PROBLEM TO SOLVE ->
Retype every entry precisely and keep each line whole.
:::
(* Let $\{\mathcal{K}^s:s\geq0\}$ be a strongly continuous one-parameter semigroup of isometries on a complex Hilbert space $\mathcal{H}$. Let $k\in\mathbb{N}$, let $x_1,\dots,x_k\in\mathbb{R}$ be pairwise distinct, let $v_1,\dots,v_k\in\mathcal{H}$ be orthonormal with $\mathcal{K}^sv_j=e^{isx_j}v_j$ for all $s\geq0$ and all $j$, and let $h=\sum_{j=1}^k a_jv_j$ with $a_j\in\mathbb{C}$ and $|a_1|\geq|a_2|\geq\cdots\geq|a_k|$. Then for each $i=1,\dots,k$, $$\lim_{\tau\to\infty}\lambda_{h,\tau,i}=|a_i|^2 .$$
   Context: A strongly continuous one-parameter semigroup of isometries means: each $\mathcal{K}^s$ is a linear isometry, $\mathcal{K}^0=I$, $\mathcal{K}^{s_1}\mathcal{K}^{s_2}=\mathcal{K}^{s_1+s_2}$, and $s\mapsto\mathcal{K}^sh$ is norm-continuous for each $h$. Inner products are linear in the first argument. For $h\in\mathcal{H}$ and $\tau>0$, $A_{h,\tau}$ is the operator on $L^2([0,\tau])$ defined by $(A_{h,\tau}g)(t)=\frac1\tau\int_0^\tau g(s)\langle\mathcal{K}^sh,\mathcal{K}^th\rangle\,ds$; it is a positive semidefinite self-adjoint compact operator, and $\lambda_{h,\tau,1}\geq\lambda_{h,\tau,2}\geq\cdots$ denote its eigenvalues in descending order counted with multiplicity, i.e. $\lambda_{h,\tau,i}=\sup_{\dim\mathcal{M}=i}\min_{0\neq g\in\mathcal{M}}\langle A_{h,\tau}g,g\rangle/\|g\|^2$. *)

theory Defs
  imports "HOL-Analysis.Analysis"
begin

definition hnorm :: "('h \<Rightarrow> 'h \<Rightarrow> complex) \<Rightarrow> 'h \<Rightarrow> real" where
  "hnorm ip x = sqrt (Re (ip x x))"

definition complex_hilbert_space ::
  "(complex \<Rightarrow> 'h::ab_group_add \<Rightarrow> 'h) \<Rightarrow> ('h \<Rightarrow> 'h \<Rightarrow> complex) \<Rightarrow> bool" where
  "complex_hilbert_space sc ip \<longleftrightarrow>
     (\<forall>a x y. sc a (x + y) = sc a x + sc a y) \<and>
     (\<forall>a b x. sc (a + b) x = sc a x + sc b x) \<and>
     (\<forall>a b x. sc (a * b) x = sc a (sc b x)) \<and>
     (\<forall>x. sc 1 x = x) \<and>
     (\<forall>x y z. ip (x + y) z = ip x z + ip y z) \<and>
     (\<forall>a x y. ip (sc a x) y = a * ip x y) \<and>
     (\<forall>x y. ip y x = cnj (ip x y)) \<and>
     (\<forall>x. Re (ip x x) \<ge> 0) \<and>
     (\<forall>x. ip x x = 0 \<longrightarrow> x = 0) \<and>
     (\<forall>X::nat \<Rightarrow> 'h. (\<forall>e>0. \<exists>N. \<forall>m\<ge>N. \<forall>n\<ge>N. hnorm ip (X m - X n) < e)
        \<longrightarrow> (\<exists>L. (\<lambda>n. hnorm ip (X n - L)) \<longlonglongrightarrow> 0))"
:::
RESULT ->
(* Let $\{\mathcal{K}^s:s\geq0\}$ be a strongly continuous one-parameter semigroup of isometries on a complex Hilbert space $\mathcal{H}$. Let $k\in\mathbb{N}$, let $x_1,\dots,x_k\in\mathbb{R}$ be pairwise distinct, let $v_1,\dots,v_k\in\mathcal{H}$ be orthonormal with $\mathcal{K}^sv_j=e^{isx_j}v_j$ for all $s\geq0$ and all $j$, and let $h=\sum_{j=1}^k a_jv_j$ with $a_j\in\mathbb{C}$ and $|a_1|\geq|a_2|\geq\cdots\geq|a_k|$. Then for each $i=1,\dots,k$, $$\lim_{\tau\to\infty}\lambda_{h,\tau,i}=|a_i|^2 .$$
   Context: A strongly continuous one-parameter semigroup of isometries means: each $\mathcal{K}^s$ is a linear isometry, $\mathcal{K}^0=I$, $\mathcal{K}^{s_1}\mathcal{K}^{s_2}=\mathcal{K}^{s_1+s_2}$, and $s\mapsto\mathcal{K}^sh$ is norm-continuous for each $h$. Inner products are linear in the first argument. For $h\in\mathcal{H}$ and $\tau>0$, $A_{h,\tau}$ is the operator on $L^2([0,\tau])$ defined by $(A_{h,\tau}g)(t)=\frac1\tau\int_0^\tau g(s)\langle\mathcal{K}^sh,\mathcal{K}^th\rangle\,ds$; it is a positive semidefinite self-adjoint compact operator, and $\lambda_{h,\tau,1}\geq\lambda_{h,\tau,2}\geq\cdots$ denote its eigenvalues in descending order counted with multiplicity, i.e. $\lambda_{h,\tau,i}=\sup_{\dim\mathcal{M}=i}\min_{0\neq g\in\mathcal{M}}\langle A_{h,\tau}g,g\rangle/\|g\|^2$. *)

theory Defs
  imports "HOL-Analysis.Analysis"
begin

definition hnorm :: "('h \<Rightarrow> 'h \<Rightarrow> complex) \<Rightarrow> 'h \<Rightarrow> real" where
  "hnorm ip x = sqrt (Re (ip x x))"

definition complex_hilbert_space ::
  "(complex \<Rightarrow> 'h::ab_group_add \<Rightarrow> 'h) \<Rightarrow> ('h \<Rightarrow> 'h \<Rightarrow> complex) \<Rightarrow> bool" where
  "complex_hilbert_space sc ip \<longleftrightarrow>
     (\<forall>a x y. sc a (x + y) = sc a x + sc a y) \<and>
     (\<forall>a b x. sc (a + b) x = sc a x + sc b x) \<and>
     (\<forall>a b x. sc (a * b) x = sc a (sc b x)) \<and>
     (\<forall>x. sc 1 x = x) \<and>
     (\<forall>x y z. ip (x + y) z = ip x z + ip y z) \<and>
     (\<forall>a x y. ip (sc a x) y = a * ip x y) \<and>
     (\<forall>x y. ip y x = cnj (ip x y)) \<and>
     (\<forall>x. Re (ip x x) \<ge> 0) \<and>
     (\<forall>x. ip x x = 0 \<longrightarrow> x = 0) \<and>
     (\<forall>X::nat \<Rightarrow> 'h. (\<forall>e>0. \<exists>N. \<forall>m\<ge>N. \<forall>n\<ge>N. hnorm ip (X m - X n) < e)
        \<longrightarrow> (\<exists>L. (\<lambda>n. hnorm ip (X n - L)) \<longlonglongrightarrow> 0))"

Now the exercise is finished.